Já houve uma altura em que os físicos teóricos recebiam habitualmente alguma formação em 
filosofia e na sua história. Nessa altura podíamos encontrar, nas obras de alguns dos maiores 
cientistas, referências explícitas ao tipo de raciocínio filosófico em que se apoia o raciocínio 
científico. Einstein e Bohr constituem dois exemplos dignos de nota. Apesar de a 
especialização da formação académica nas últimas décadas ter tornado tal familiaridade com a 
filosofia tradicional menos comum entre os cientistas — mesmo entre os mais teóricos —, 
tornou-se agora claro que é necessário o tipo de pensamento filosófico, enquanto parte do 
pensamento científico, que discutimos. Isto é verdade quer o cientista queira enfrentar este 
facto quer não.

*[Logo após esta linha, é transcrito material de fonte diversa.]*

(* Let $n\ge 1$ and let $\mathcal{I}$ be an interval hypergraph on $[n]$ containing all singletons $\{i\}$, $i\in[n]$. Then the hypergraphic poset $P_{\mathcal{I}}$ is a lattice if and only if $\mathcal{I}$ is closed under intersection, i.e. $I,J\in\mathcal{I}$ and $I\cap J\neq\varnothing$ imply $I\cap J\in\mathcal{I}$.
   Context: A hypergraph $\mathcal{H}$ on $[n]=\{1,\dots,n\}$ is a collection of subsets of $[n]$; by convention it contains all singletons. An interval hypergraph is a hypergraph all of whose members are intervals $[i,j]=\{i,i+1,\dots,j\}$. An orientation of $\mathcal{H}$ is a map $O:\mathcal{H}\to[n]$ with $O(H)\in H$ for all $H$. It is acyclic if there are no $H_1,\dots,H_k\in\mathcal{H}$, $k\ge2$, with $O(H_{i+1})\in H_i\setminus\{O(H_i)\}$ for $i\in[k-1]$ and $O(H_1)\in H_k\setminus\{O(H_k)\}$. Two orientations $O\neq O'$ are related by an increasing flip (from $O$ to $O'$) if there exist $1\le i<j\le n$ such that for all $H\in\mathcal{H}$: if $O(H)\ne O'(H)$ then $O(H)=i$ and $O'(H)=j$; and if $\{i,j\}\subseteq H$ then $O(H)=i\iff O'(H)=j$. The hypergraphic poset $P_{\mathcal{H}}$ is the transitive closure of the increasing flip relation on the set of acyclic orientations of $\mathcal{H}$ (equivalently, the transitive closure of the graph of the polytope $\sum_{H\in\mathcal{H}}\mathrm{conv}\{e_h:h\in H\}$ oriented in the direction $(n-1,n-3,\dots,1-n)$). *)

theory Defs
  imports "HOL-Library.FuncSet"
begin

definition interval_hypergraph :: "nat \<Rightarrow> nat set set \<Rightarrow> bool" where
  "interval_hypergraph n \<H> \<longleftrightarrow>
     (\<forall>H\<in>\<H>. \<exists>i j. 1 \<le> i \<and> i \<le> j \<and> j \<le> n \<and> H = {i..j})"

definition contains_singletons :: "nat \<Rightarrow> nat set set \<Rightarrow> bool" where
  "contains_singletons n \<H> \<longleftrightarrow> (\<forall>i\<in>{1..n}. {i} \<in> \<H>)"

definition closed_under_intersection :: "nat set set \<Rightarrow> bool" where
  "closed_under_intersection \<H> \<longleftrightarrow>
     (\<forall>I\<in>\<H>. \<forall>J\<in>\<H>. I \<inter> J \<noteq> {} \<longrightarrow> I \<inter> J \<in> \<H>)"

definition orientations :: "nat set set \<Rightarrow> (nat set \<Rightarrow> nat) set" where
  "orientations \<H> = (\<Pi>\<^sub>E H\<in>\<H>. H)"

(* A cycle H_1,...,H_k (k >= 2), given as a list hs with hs!0 = H_1 *)
definition acyclic_orientation :: "nat set set \<Rightarrow> (nat set \<Rightarrow> nat) \<Rightarrow> bool" where
  "acyclic_orientation \<H> P \<longleftrightarrow> P \<in> orientations \<H> \<and>
     \<not> (\<exists>hs. length hs \<ge> 2 \<and> set hs \<subseteq> \<H> \<and>
          (\<forall>i. Suc i < length hs \<longrightarrow> P (hs ! Suc i) \<in> hs ! i - {P (hs ! i)}) \<and>
          P (hs ! 0) \<in> last hs - {P (last hs)})"

definition increasing_flip ::
  "nat \<Rightarrow> nat set set \<Rightarrow> (nat set \<Rightarrow> nat) \<Rightarrow> (nat set \<Rightarrow> nat) \<Rightarrow> bool" where
  "increasing_flip n \<H> P Q \<longleftrightarrow> P \<noteq> Q \<and>
     (\<exists>i j. 1 \<le> i \<and> i < j \<and> j \<le> n \<and>
        (\<forall>H\<in>\<H>. (P H \<noteq> Q H \<longrightarrow> P H = i \<and> Q H = j) \<and>
                 ({i, j} \<subseteq> H \<longrightarrow> (P H = i \<longleftrightarrow> Q H = j))))"

definition acyclic_orientations :: "nat set set \<Rightarrow> (nat set \<Rightarrow> nat) set" where
  "acyclic_orientations \<H> = {P. acyclic_orientation \<H> P}"

definition hg_less :: "nat \<Rightarrow> nat set set \<Rightarrow> ((nat set \<Rightarrow> nat) \<times> (nat set \<Rightarrow> nat)) set" where
  "hg_less n \<H> = {(P, Q). P \<in> acyclic_orientations \<H> \<and> Q \<in> acyclic_orientations \<H>
                          \<and> increasing_flip n \<H> P Q}\<^sup>+"

definition hg_le :: "nat \<Rightarrow> nat set set \<Rightarrow> (nat set \<Rightarrow> nat) \<Rightarrow> (nat set \<Rightarrow> nat) \<Rightarrow> bool" where
  "hg_le n \<H> P Q \<longleftrightarrow> P = Q \<or> (P, Q) \<in> hg_less n \<H>"

definition is_lattice_on :: "'a set \<Rightarrow> ('a \<Rightarrow> 'a \<Rightarrow> bool) \<Rightarrow> bool" where
  "is_lattice_on A le \<longleftrightarrow>
     (\<forall>x\<in>A. le x x) \<and>
     (\<forall>x\<in>A. \<forall>y\<in>A. \<forall>z\<in>A. le x y \<longrightarrow> le y z \<longrightarrow> le x z) \<and>
     (\<forall>x\<in>A. \<forall>y\<in>A. le x y \<longrightarrow> le y x \<longrightarrow> x = y) \<and>
     (\<forall>x\<in>A. \<forall>y\<in>A. \<exists>s\<in>A. le x s \<and> le y s \<and> (\<forall>u\<in>A. le x u \<longrightarrow> le y u \<longrightarrow> le s u)) \<and>
     (\<forall>x\<in>A. \<forall>y\<in>A. \<exists>m\<in>A. le m x \<and> le m y \<and> (\<forall>u\<in>A. le u x \<longrightarrow> le u y \<longrightarrow> le u m))"

definition hypergraphic_poset_is_lattice :: "nat \<Rightarrow> nat set set \<Rightarrow> bool" where
  "hypergraphic_poset_is_lattice n \<H> \<longleftrightarrow> is_lattice_on (acyclic_orientations \<H>) (hg_le n \<H>)"

end

theory Submission
  imports Defs
begin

Pode ver-se uma prova a favor disto no tipo de pensamento parafilosófico que 
se tornou parte da especulação e teorização cosmológicas sobre o Big Bang na cosmologia 
científica. 
 
O facto de as próprias teorias científicas se basearem num pensamento de tipo filosófico — 
quer isto seja explícito na história da ciência quer seja apenas implícito e esteja à espera que o 
historiador e o filósofo o tragam à luz — significa também que temos de ter cuidado com 
tentativas demasiado ingénuas para resolver questões filosóficas tradicionais por meio dos 
resultados da ciência. Os argumentos que visam estabelecer que um dado resultado da ciência 
resolve conclusivamente uma questão filosófica tradicional numa ou noutra direcção perdem 
de vista muito frequentemente o modo como os pressupostos filosóficos implícitos foram 
integrados na teoria que está a ser usada para resolver o debate. Caso se tivessem feito outras 
escolhas filosóficas na própria ciência, as implicações que a ciência teria na filosofia poderiam 
parecer muitíssimo diferentes. 
 
Em qualquercaso, é muito claro que, ao nível da sua maior generalidade e das suas tentativas 
para lidar com a natureza ao nível mais fundamental, a ciência não é uma disciplina cuja 
natureza se possa distinguir radicalmente da filosofia. E a melhor maneira de fazer filosofia é 
usar um método cuja teorização, como na ciência, se confronte sempre com a natureza das 
coisas tal como esta nos é revelada por essa experiência subtil a que chamamos “observação e 
experimentação científicas”. 
 
Lawrence Sklar 
 
Retirado de Philosophy of Physics, de Lawrence Sklar (Oxford University Press, 1992).